La sal en la herida.
La impunidad efectiva de agentes de policía en casos de tortura y otros malos tratos.
Amnistía Internacional

CONCLUSIONES Y RECOMENDACIONES

Amnistía Internacional considera que las persistentes denuncias de malos tratos cometidos por funcionarios encargados de hacer cumplir la ley tienen su origen en los múltiples incumplimientos por parte de las autoridades españolas de sus obligaciones legales internacionales, que les exigen la adopción de diversas medidas legislativas, judiciales y administrativas para prevenir los malos tratos, poner a los responsables a disposición de la justicia y garantizar que las víctimas reciben reparación. Aunque Amnistía Internacional no considera que los malos tratos por parte de los funcionarios encargados de hacer cumplir la ley españoles constituyan un hecho rutinario, a partir de sus investigaciones la organización refuta la idea de que sean un hecho excepcional y que la responsabilidad de que se produzcan recaiga exclusivamente en un puñado de agentes de policía delictivos.
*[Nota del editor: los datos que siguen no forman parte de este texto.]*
lemma capt_complete_graph_gt:
  assumes "finite V" and "0 < k" and "2 * k < card V" and "card V ^ Suc t \<le> m"
  shows "t < capt V (complete_graph V) k m"
proof (rule ccontr)
  assume "\<not> t < capt V (complete_graph V) k m"
  then have "card V ^ Suc (capt V (complete_graph V) k m) \<le> card V ^ Suc t"
    using assms(3) by (intro power_increasing) auto
  then have le_m: "card V ^ Suc (capt V (complete_graph V) k m) \<le> m"
    using assms(4) by linarith
  have "V \<noteq> {}"
    using assms(3) by auto
  then have "capt_within V (complete_graph V) k m m"
    by (rule capt_within_complete_graph_in_m_rounds[OF assms(2)])
  then have "capt_within V (complete_graph V) k m (capt V (complete_graph V) k m)"
    unfolding capt_def by (rule LeastI)
  with le_m show False
    using not_capt_within_complete_graph[OF assms(1,3)] by blast
qed

lemma not_strong_cop_win_complete_graph:
  assumes "finite V" and "0 < k" and "2 * k < card V"
  shows "\<not> strong_cop_win V (complete_graph V) k"
proof
  assume "strong_cop_win V (complete_graph V) k"
  then have "Bseq (\<lambda>m. real (capt V (complete_graph V) k m))"
    unfolding strong_cop_win_def using convergent_imp_Bseq convergent_def by blast
  then obtain K where K: "\<forall>m. real (capt V (complete_graph V) k m) \<le> K"
    by (auto elim!: BseqE)
  define T where "T = nat \<lceil>K\<rceil>"
  have "real T < real (capt V (complete_graph V) k (card V ^ Suc T))"
    using capt_complete_graph_gt[OF assms] by simp
  moreover have "K \<le> real T"
    unfolding T_def by linarith
  ultimately show False
    using K[rule_format, of "card V ^ Suc T"] by linarith
qed

theorem mainTheorem15:
  fixes V :: "'a set" and n :: nat
  assumes "finite V" and "card V = n" and "n \<ge> 2"
  shows "(\<forall>k. 1 \<le> k \<and> k \<le> nat \<lceil>real n / 2\<rceil> - 1 \<longrightarrow>
              \<not> strong_cop_win V (complete_graph V) k)
       \<and> strong_cop_win V (complete_graph V) (nat \<lceil>real n / 2\<rceil>)
       \<and> (\<lambda>m. real (capt V (complete_graph V) (nat \<lceil>real n / 2\<rceil>) m)) \<longlonglongrightarrow> 1"
proof -
  define h where "h = nat \<lceil>real n / 2\<rceil>"
  have h: "h = (n + 1) div 2"
    unfolding h_def by linarith
  have "\<not> strong_cop_win V (complete_graph V) k" if "1 \<le> k" "k \<le> h - 1" for k
    using not_strong_cop_win_complete_graph[OF assms(1)] that h assms(2) by simp
  moreover have "card V \<le> 2 * h" "h < card V"
    using h assms(2,3) by auto
  ultimately show ?thesis
    using strong_cop_win_complete_graph capt_complete_graph_tendsto_one assms(1)
    unfolding h_def by blast
qed

end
La tortura y otros malos tratos son violaciones de derechos humanos, y están prohibidos por el derecho internacional en toda circunstancia. Todas las denuncias y los informes de malos tratos deben ser investigados de manera pronta, imparcial y efectiva por un órgano independiente de los presuntos autores. Las víctimas de tales actos deben recibir del Estado una reparación pronta y adecuada, que debe incluir restitución, indemnización económica justa y adecuada, atención médica y rehabilitación apropiadas y garantías de no repetición.
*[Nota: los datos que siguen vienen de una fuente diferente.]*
(* Let $Q$ be a positive definite $d\times d$ matrix partitioned into blocks $(Q_{ij})_{i,j=1}^s$. The function $$f(w)=\lambda_{\min}\big(\sqrt{Q^{\rm ext}}\,D^{\rm ext}_w\sqrt{Q^{\rm ext}}\big),\quad Q^{\rm ext}=\mathrm{diag}(Q,1),\quad D^{\rm ext}_w=\mathrm{diag}\Big(w_1(Q_{11})^{-1},\dots,w_s(Q_{ss})^{-1},\ 1-\sum_{i=1}^sw_i\Big),$$ is concave on $\Delta_s=\{w\in\mathbb{R}^s: w_i>0,\ 1-w_1-\dots-w_s>0\}$.
   Context: $\sqrt{\cdot}$ denotes the symmetric positive definite square root and $\lambda_{\min}$ the smallest eigenvalue. *)

theory Defs
  imports "HOL-Analysis.Analysis"
begin

definition pos_def_mat :: "real^'n^'n \<Rightarrow> bool" where
  "pos_def_mat A \<longleftrightarrow> transpose A = A \<and> (\<forall>x. x \<noteq> 0 \<longrightarrow> x \<bullet> (A *v x) > 0)"

definition pd_sqrt :: "real^'n^'n \<Rightarrow> real^'n^'n" where
  "pd_sqrt A = (THE B. pos_def_mat B \<and> B ** B = A)"

definition eigenvalues :: "real^'n^'n \<Rightarrow> real set" where
  "eigenvalues A = {l. \<exists>v. v \<noteq> 0 \<and> A *v v = l *\<^sub>R v}"

definition lambda_min :: "real^'n^'n \<Rightarrow> real" where
  "lambda_min A = Min (eigenvalues A)"

text \<open>Block structure: blk j is the block containing index j. The block-diagonal
  part diag(Q_11,...,Q_ss) of Q; its inverse is diag(Q_11^{-1},...,Q_ss^{-1}).\<close>
definition block_diag_part :: "('n \<Rightarrow> 's) \<Rightarrow> real^'n^'n \<Rightarrow> real^'n^'n" where
  "block_diag_part blk Q = (\<chi> i j. if blk i = blk j then Q $ i $ j else 0)"

text \<open>Q^ext = diag(Q,1) indexed by 'n option, None being the extra coordinate.\<close>
definition Qext :: "real^'n^'n \<Rightarrow> real^('n option)^('n option)" where
  "Qext Q = (\<chi> i j. case (i, j) of
       (Some a, Some b) \<Rightarrow> Q $ a $ b
     | (None, None) \<Rightarrow> 1
     | _ \<Rightarrow> 0)"

definition Dext :: "('n \<Rightarrow> 's::finite) \<Rightarrow> real^'n^'n \<Rightarrow> real^'s \<Rightarrow> real^('n option)^('n option)" where
  "Dext blk Q w = (\<chi> i j. case (i, j) of
       (Some a, Some b) \<Rightarrow> (if blk a = blk b
                             then w $ (blk a) * matrix_inv (block_diag_part blk Q) $ a $ b
                             else 0)
     | (None, None) \<Rightarrow> 1 - sum (\<lambda>k. w $ k) UNIV
     | _ \<Rightarrow> 0)"

end

theory Submission
  imports Defs
begin

text \<open>For a symmetric matrix M the smallest eigenvalue is the minimum of the Rayleigh quotient
  x \<bullet> (M *v x) over unit vectors x. The matrix pd_sqrt(Q^ext) ** D^ext_w ** pd_sqrt(Q^ext) is
  symmetric and affine in w, so for each fixed x the Rayleigh quotient is an affine function of w,
  and lambda_min, being their pointwise minimum, is concave. Most of the work is the spectral
  theorem for real symmetric matrices, which identifies lambda_min with the Rayleigh minimum and
  makes the positive definite square root exist and unique, hence symmetric.\<close>

section \<open>Symmetric matrices and their quadratic forms\<close>

lemma symmetric_inner_mult_vec:
  fixes A :: "real^'n^'n"
  assumes "transpose A = A"
  shows "x \<bullet> (A *v y) = (A *v x) \<bullet> y"
  by (metis assms dot_lmul_matrix transpose_matrix_vector)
Los funcionarios encargados de hacer cumplir la ley que sean responsables de malos tratos deben rendir cuentas en todos los niveles: disciplinario y penal. Las investigaciones disciplinarias eficaces son un medio importante para identificar y rectificar las deficiencias sistémicas que facilitan los malos tratos. Las conclusiones de los organismos de investigación o supervisión independientes son también importantes en este sentido.
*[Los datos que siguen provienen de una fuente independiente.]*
(* Let $\pi$ be a (not necessarily unique) QSD of $(X_t)_{0\le t<\tau_\partial}$, $\lambda=\lambda(\pi)$, and assume the reverse anti-Dobrushin condition (RaD) holds with time $t_2>0$ and constant $C_2'<\infty$. Set $C_2:=\lambda^{t_2}C_2'$. Then $$P_{t_2}(x,\cdot)\le C_2\,\pi(\cdot)\quad\text{for every }x\in\chi .$$
   Context: $\chi$ is a metric space with Borel $\sigma$-algebra; $\partial\notin\chi$ is a cemetery point. $(X_t)_{0\le t<\tau_\partial}$ is a killed Markov process on $\chi$ in discrete or continuous time, absorption time $\tau_\partial=\inf\{t\ge0:X_t=\partial\}$, submarkovian semigroup $P_t(x,A)=\mathbb P_x(X_t\in A,\tau_\partial>t)$; $K1(x)=K(x,\chi)$ for a kernel $K$. A QSD is a probability measure $\pi$ with $\mathbb P_\pi(X_t\in\cdot\mid\tau_\partial>t)=\pi$ for all $t$; $\lambda(\pi):=\mathbb P_\pi(\tau_\partial>1)$. A submarkovian kernel $K$ is lower semicontinuous if $Kf$ is lower semicontinuous for every bounded continuous $f\ge0$. $\mathrm{spt}(\pi)$ denotes the support. Reverse anti-Dobrushin condition (RaD): there exist a time $t_2>0$ and a submarkovian kernel $R^{(2)}$ with $\pi(dx)P_{t_2}(x,dy)=\pi(dy)R^{(2)}(y,dx)$ as measures on $\chi\times\chi$, and $C_2'<\infty$ with $R^{(2)}(y,\cdot)/R^{(2)}1(y)\le C_2'\pi(\cdot)$ for $\pi$-a.e. $y$; moreover $\mathrm{spt}(\pi)=\chi$ and $P_{t_2}$ is lower semicontinuous. *)

theory Defs
  imports "HOL-Analysis.Analysis" "HOL-Probability.Probability"
begin

definition lsc_fun :: "('a::topological_space \<Rightarrow> real) \<Rightarrow> bool" where
  "lsc_fun g \<longleftrightarrow> (\<forall>c. open {x. c < g x})"

definition lsc_kernel :: "('a::topological_space \<Rightarrow> 'a measure) \<Rightarrow> bool" where
  "lsc_kernel K \<longleftrightarrow>
     (\<forall>f::'a \<Rightarrow> real. continuous_on UNIV f \<longrightarrow> bounded (range f) \<longrightarrow> (\<forall>x. 0 \<le> f x) \<longrightarrow>
        lsc_fun (\<lambda>x. \<integral>y. f y \<partial>(K x)))"

definition spt :: "'a::topological_space measure \<Rightarrow> 'a set" where
  "spt \<mu> = {x. \<forall>U. open U \<longrightarrow> x \<in> U \<longrightarrow> 0 < emeasure \<mu> U}"

definition joint :: "'a::topological_space measure \<Rightarrow> ('a \<Rightarrow> 'a measure) \<Rightarrow> ('a \<times> 'a) measure" where
  "joint \<mu> K = \<mu> \<bind> (\<lambda>x. distr (K x) (borel \<Otimes>\<^sub>M borel) (\<lambda>y. (x, y)))"

text \<open>Submarkovian semigroup (P_t) indexed by the time set T (T = \<nat> or T = [0,\<infinity>)).\<close>
definition submarkov_semigroup :: "real set \<Rightarrow> (real \<Rightarrow> 'a::topological_space \<Rightarrow> 'a measure) \<Rightarrow> bool" where
  "submarkov_semigroup T P \<longleftrightarrow>
     (\<forall>t\<in>T. P t \<in> borel \<rightarrow>\<^sub>M subprob_algebra borel) \<and>
     (\<forall>x. P 0 x = return borel x) \<and>
     (\<forall>s\<in>T. \<forall>t\<in>T. \<forall>x. P (s + t) x = P s x \<bind> P t)"

text \<open>Quasi-stationary distribution: P_\<pi>(X_t \<in> A | \<tau> > t) = \<pi>(A); the conditioning
  requires P_\<pi>(\<tau> > t) > 0.\<close>
definition is_QSD :: "real set \<Rightarrow> (real \<Rightarrow> 'a::topological_space \<Rightarrow> 'a measure) \<Rightarrow> 'a measure \<Rightarrow> bool" where
  "is_QSD T P \<pi> \<longleftrightarrow> prob_space \<pi> \<and> sets \<pi> = sets borel \<and>
     (\<forall>t\<in>T. 0 < (\<integral>x. measure (P t x) UNIV \<partial>\<pi>) \<and>
        (\<forall>A\<in>sets borel. (\<integral>x. measure (P t x) A \<partial>\<pi>) / (\<integral>x. measure (P t x) UNIV \<partial>\<pi>) = measure \<pi> A))"

definition lambda_QSD :: "(real \<Rightarrow> 'a::topological_space \<Rightarrow> 'a measure) \<Rightarrow> 'a measure \<Rightarrow> real" where
  "lambda_QSD P \<pi> = (\<integral>x. measure (P 1 x) UNIV \<partial>\<pi>)"

end

theory Submission
  imports Defs
begin

text \<open>
  Integrating the reversal identity \<pi>(dx) P(x,dy) = \<pi>(dy) R(y,dx) over B \<times> A and bounding
  R(y,B) by C' R(y,\<chi>) \<pi>(B) gives
    \<integral>[B] P(x,A) \<pi>(dx) \<le> C' \<pi>(B) \<integral>[A] R(y,\<chi>) \<pi>(dy) = C' \<pi>(B) \<integral> P(x,A) \<pi>(dx) = \<lambda>^t C' \<pi>(B) \<pi>(A),
  the last step being the QSD property, whose survival factor is multiplicative in t and hence
  equals \<lambda>^t. So P is dominated by C \<pi> on \<pi>-average over every set B. For bounded continuous
  f \<ge> 0, P f is lower semicontinuous, so a point where P f > C \<pi>(f) would have an open
  neighbourhood where this holds; it has positive mass since spt \<pi> = \<chi>, contradicting the
  averaged bound. The inequality for continuous f passes to open sets by approximating their
  indicators from below and to Borel sets by outer regularity.
\<close>

section \<open>Outer regularity of finite Borel measures on metric spaces\<close>

definition outer_approximable :: "'a::topological_space measure \<Rightarrow> 'a set \<Rightarrow> bool" where
  "outer_approximable M A \<longleftrightarrow> (\<forall>e>0. \<exists>U. open U \<and> A \<subseteq> U \<and> measure M (U - A) < e)"

lemma outer_approximable_open: "open A \<Longrightarrow> outer_approximable M A"
  unfolding outer_approximable_def by auto

lemma outer_approximable_closed:
  fixes M :: "'a::metric_space measure"
  assumes "finite_measure M" and M: "sets M = sets borel" and F: "closed F"
  shows "outer_approximable M F"
  unfolding outer_approximable_def
proof (intro allI impI)
  fix e :: real assume e: "e > 0"
  interpret finite_measure M by fact
  define U where "U n = (\<Union>y\<in>F. ball y (1 / Suc n))" for n :: nat
  have U_open: "open (U n)" for n unfolding U_def by auto
  have F_U: "F \<subseteq> U n" for n unfolding U_def by force
  have "decseq U" unfolding U_def decseq_def
  proof (intro allI impI)
    fix m n :: nat assume "m \<le> n"
    then have "1 / real (Suc n) \<le> 1 / Suc m" by (simp add: frac_le)
    then show "(\<Union>y\<in>F. ball y (1 / Suc n)) \<subseteq> (\<Union>y\<in>F. ball y (1 / Suc m))" by fastforce
  qed
  moreover have "(\<Inter>n. U n) = F"
  proof (intro equalityI subsetI)
    fix x assume x: "x \<in> (\<Inter>n. U n)"
    have "x \<in> closure F"
      unfolding closure_approachable
    proof (intro allI impI)
      fix d :: real assume "d > 0"
      then obtain n where n: "1 / Suc n < d" using nat_approx_posE by blast
      from x obtain y where "y \<in> F" "dist y x < 1 / Suc n" unfolding U_def by (auto simp: dist_commute)
      then show "\<exists>y\<in>F. dist y x < d" using n by (meson less_trans)
    qed
    then show "x \<in> F" using F by (simp add: closure_closed)
  qed (use F_U in auto)
  ultimately have "(\<lambda>n. measure M (U n)) \<longlonglongrightarrow> measure M F"
    using finite_Lim_measure_decseq[of U] U_open M by force
  then have "eventually (\<lambda>n. measure M (U n) < measure M F + e) sequentially"
    using e by (intro order_tendstoD) auto
  then obtain n where n: "measure M (U n) < measure M F + e"
    by (auto simp: eventually_sequentially)
  have "measure M (U n - F) = measure M (U n) - measure M F"
    using F U_open M F_U by (intro finite_measure_Diff) auto
  then show "\<exists>U. open U \<and> F \<subseteq> U \<and> measure M (U - F) < e"
    using n U_open F_U by (intro exI[of _ "U n"]) auto
qed

lemma outer_approximable_Union:
  fixes M :: "'a::topological_space measure" and A :: "nat \<Rightarrow> 'a set"
  assumes "finite_measure M" and M: "sets M = sets borel" and A: "\<And>i. A i \<in> sets borel"
    and approx: "\<And>i. outer_approximable M (A i)"
  shows "outer_approximable M (\<Union>i. A i)"
  unfolding outer_approximable_def
proof (intro allI impI)
  fix e :: real assume e: "e > 0"
  interpret finite_measure M by fact
  have "\<exists>U. open U \<and> A i \<subseteq> U \<and> measure M (U - A i) < e / 2 * (1/2)^Suc i" for i
  proof -
    have "0 < e / 2 * (1/2::real)^Suc i" using e by simp
    then show ?thesis using approx[of i] unfolding outer_approximable_def by blast
  qed
  then obtain U where U: "\<And>i. open (U i)" "\<And>i. A i \<subseteq> U i"
      "\<And>i. measure M (U i - A i) < e / 2 * (1/2)^Suc i"
    by metis
  have U_A_sets: "U i - A i \<in> sets M" for i using U(1) A M by auto
  have geometric: "(\<lambda>i. e / 2 * (1/2)^Suc i) sums (e / 2)"
    using sums_mult[OF geometric_sums[of "1/2::real"], of "e/4"] by (simp add: power_Suc)
  have summable: "summable (\<lambda>i. measure M (U i - A i))"
    using U(3) by (intro summable_comparison_test[OF _ sums_summable[OF geometric]])
      (auto intro!: exI[of _ 0] less_imp_le)
  have "measure M ((\<Union>i. U i) - (\<Union>i. A i)) \<le> measure M (\<Union>i. U i - A i)"
    using U_A_sets by (intro finite_measure_mono) auto
  also have "\<dots> \<le> (\<Sum>i. measure M (U i - A i))"
    using U_A_sets summable by (intro finite_measure_subadditive_countably) auto
  also have "\<dots> \<le> (\<Sum>i. e / 2 * (1/2)^Suc i)"
    using summable sums_summable[OF geometric] U(3) by (intro suminf_le) (auto intro: less_imp_le)
  also have "\<dots> = e / 2" using geometric sums_unique by metis
  finally show "\<exists>V. open V \<and> (\<Union>i. A i) \<subseteq> V \<and> measure M (V - (\<Union>i. A i)) < e"
    using e U by (intro exI[of _ "\<Union>i. U i"]) auto
qed

text \<open>Only finitely many of the complements are approximated; the rest of the union is small by
  continuity from below.\<close>
lemma outer_approximable_Compl_Union:
  fixes M :: "'a::topological_space measure" and A :: "nat \<Rightarrow> 'a set"
  assumes "finite_measure M" and M: "sets M = sets borel" and A: "\<And>i. A i \<in> sets borel"
    and approx: "\<And>i. outer_approximable M (- A i)"
  shows "outer_approximable M (- (\<Union>i. A i))"
  unfolding outer_approximable_def
proof (intro allI impI)
  fix e :: real assume e: "e > 0"
  interpret finite_measure M by fact
  have "\<exists>V. open V \<and> - A i \<subseteq> V \<and> measure M (V - - A i) < e / 4 * (1/2)^i" for i
  proof -
    have "0 < e / 4 * (1/2::real)^i" using e by simp
    then show ?thesis using approx[of i] unfolding outer_approximable_def by blast
  qed
  then obtain V where V: "\<And>i. open (V i)" "\<And>i. - A i \<subseteq> V i"
      "\<And>i. measure M (V i - - A i) < e / 4 * (1/2)^i"
    by metis
  have A_sets: "A i \<in> sets M" for i using A M by auto
  have V_sets: "V i - - A i \<in> sets M" for i using V(1) A_sets M by auto
  have "(\<lambda>n. measure M (\<Union>i<n. A i)) \<longlonglongrightarrow> measure M (\<Union>n. \<Union>i<n. A i)"
    using A_sets by (intro finite_Lim_measure_incseq) (auto simp: incseq_def intro: less_le_trans)
  moreover have "(\<Union>n. \<Union>i<n. A i) = (\<Union>i. A i)" by auto
  ultimately have "eventually (\<lambda>n. measure M (\<Union>i. A i) - e / 2 < measure M (\<Union>i<n. A i)) sequentially"
    using e by (intro order_tendstoD) auto
  then obtain N where N: "measure M (\<Union>i. A i) - e / 2 < measure M (\<Union>i<N. A i)"
    by (auto simp: eventually_sequentially)
  have tail: "measure M ((\<Union>i. A i) - (\<Union>i<N. A i)) < e / 2"
    using N A_sets by (subst finite_measure_Diff) auto
  define W where "W = (\<Inter>i<N. V i)"
  have "measure M (W - - (\<Union>i. A i))
      \<le> measure M (((\<Union>i. A i) - (\<Union>i<N. A i)) \<union> (\<Union>i<N. V i - - A i))"
    unfolding W_def using V_sets A_sets by (intro finite_measure_mono) auto
  also have "\<dots> \<le> measure M ((\<Union>i. A i) - (\<Union>i<N. A i)) + measure M (\<Union>i<N. V i - - A i)"
    using V_sets A_sets by (intro measure_Un_le) auto
  also have "measure M (\<Union>i<N. V i - - A i) \<le> (\<Sum>i<N. measure M (V i - - A i))"
    using V_sets by (intro finite_measure_subadditive_finite) auto
  also have "\<dots> \<le> (\<Sum>i<N. e / 4 * (1/2)^i)"
    using V(3) by (intro sum_mono less_imp_le) auto
  also have "\<dots> = e / 4 * (\<Sum>i<N. (1/2)^i)" by (simp add: sum_distrib_left)
  also have "\<dots> = e / 2 * (1 - (1/2)^N)"
    using geometric_sum[of "1/2::real" N] by simp
  also have "\<dots> \<le> e / 2" using e by simp
  finally show "\<exists>U. open U \<and> - (\<Union>i. A i) \<subseteq> U \<and> measure M (U - - (\<Union>i. A i)) < e"
    using tail V(1,2) unfolding W_def by (intro exI[of _ W]) (auto simp: W_def subset_eq)
qed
Para concluir este informe, Amnistía Internacional expone a continuación algunas recomendaciones a las autoridades españolas que la organización considera que contribuirían a prevenir los malos tratos y a poner fin a la impunidad de los funcionarios encargados de hacer cumplir la ley responsables de tales actos.

EN CONCRETO, AMNISTÍA INTERNACIONAL RECOMIENDA:

En relación con la investigación de las denuncias de violaciones graves de derechos humanos por parte de funcionarios encargados de hacer cumplir la ley:

El gobierno español debe:

– Reformar el sistema de investigación de las denuncias de violaciones graves de derechos humanos, incluidos la tortura y otros malos tratos, cometidas por funcionarios encargados de hacer cumplir la ley para adecuarla a las normas internacionales a fin de garantizar que las investigaciones sean prontas, independientes, imparciales y exhaustivas. Las investigaciones deben correr a cargo de personal competente, imparcial e independiente de los presuntos autores y del organismo en el que prestan servicio. El gobierno debe prestar la máxima atención a la posibilidad de crear un mecanismo independiente y dotado de plenos recursos, tal como recomendó el Comité Europeo para la Prevención de la Tortura y de las Penas o Tratos Inhumanos o Degradantes (CPT) después de su visita a España en 2001, para investigar todas las denuncias de violaciones graves de derechos humanos cometidas por funcionarios encargados de hacer cumplir la ley, incluidos homicidios (entre ellos los disparos con resultado de muerte), tortura y otros malos tratos. Este mecanismo estaría facultado para ordenar la incoación de procedimientos disciplinarios contra los funcionarios encargados de hacer cumplir la ley y para remitir un caso directamente a las autoridades judiciales para su enjuiciamiento criminal si procediera.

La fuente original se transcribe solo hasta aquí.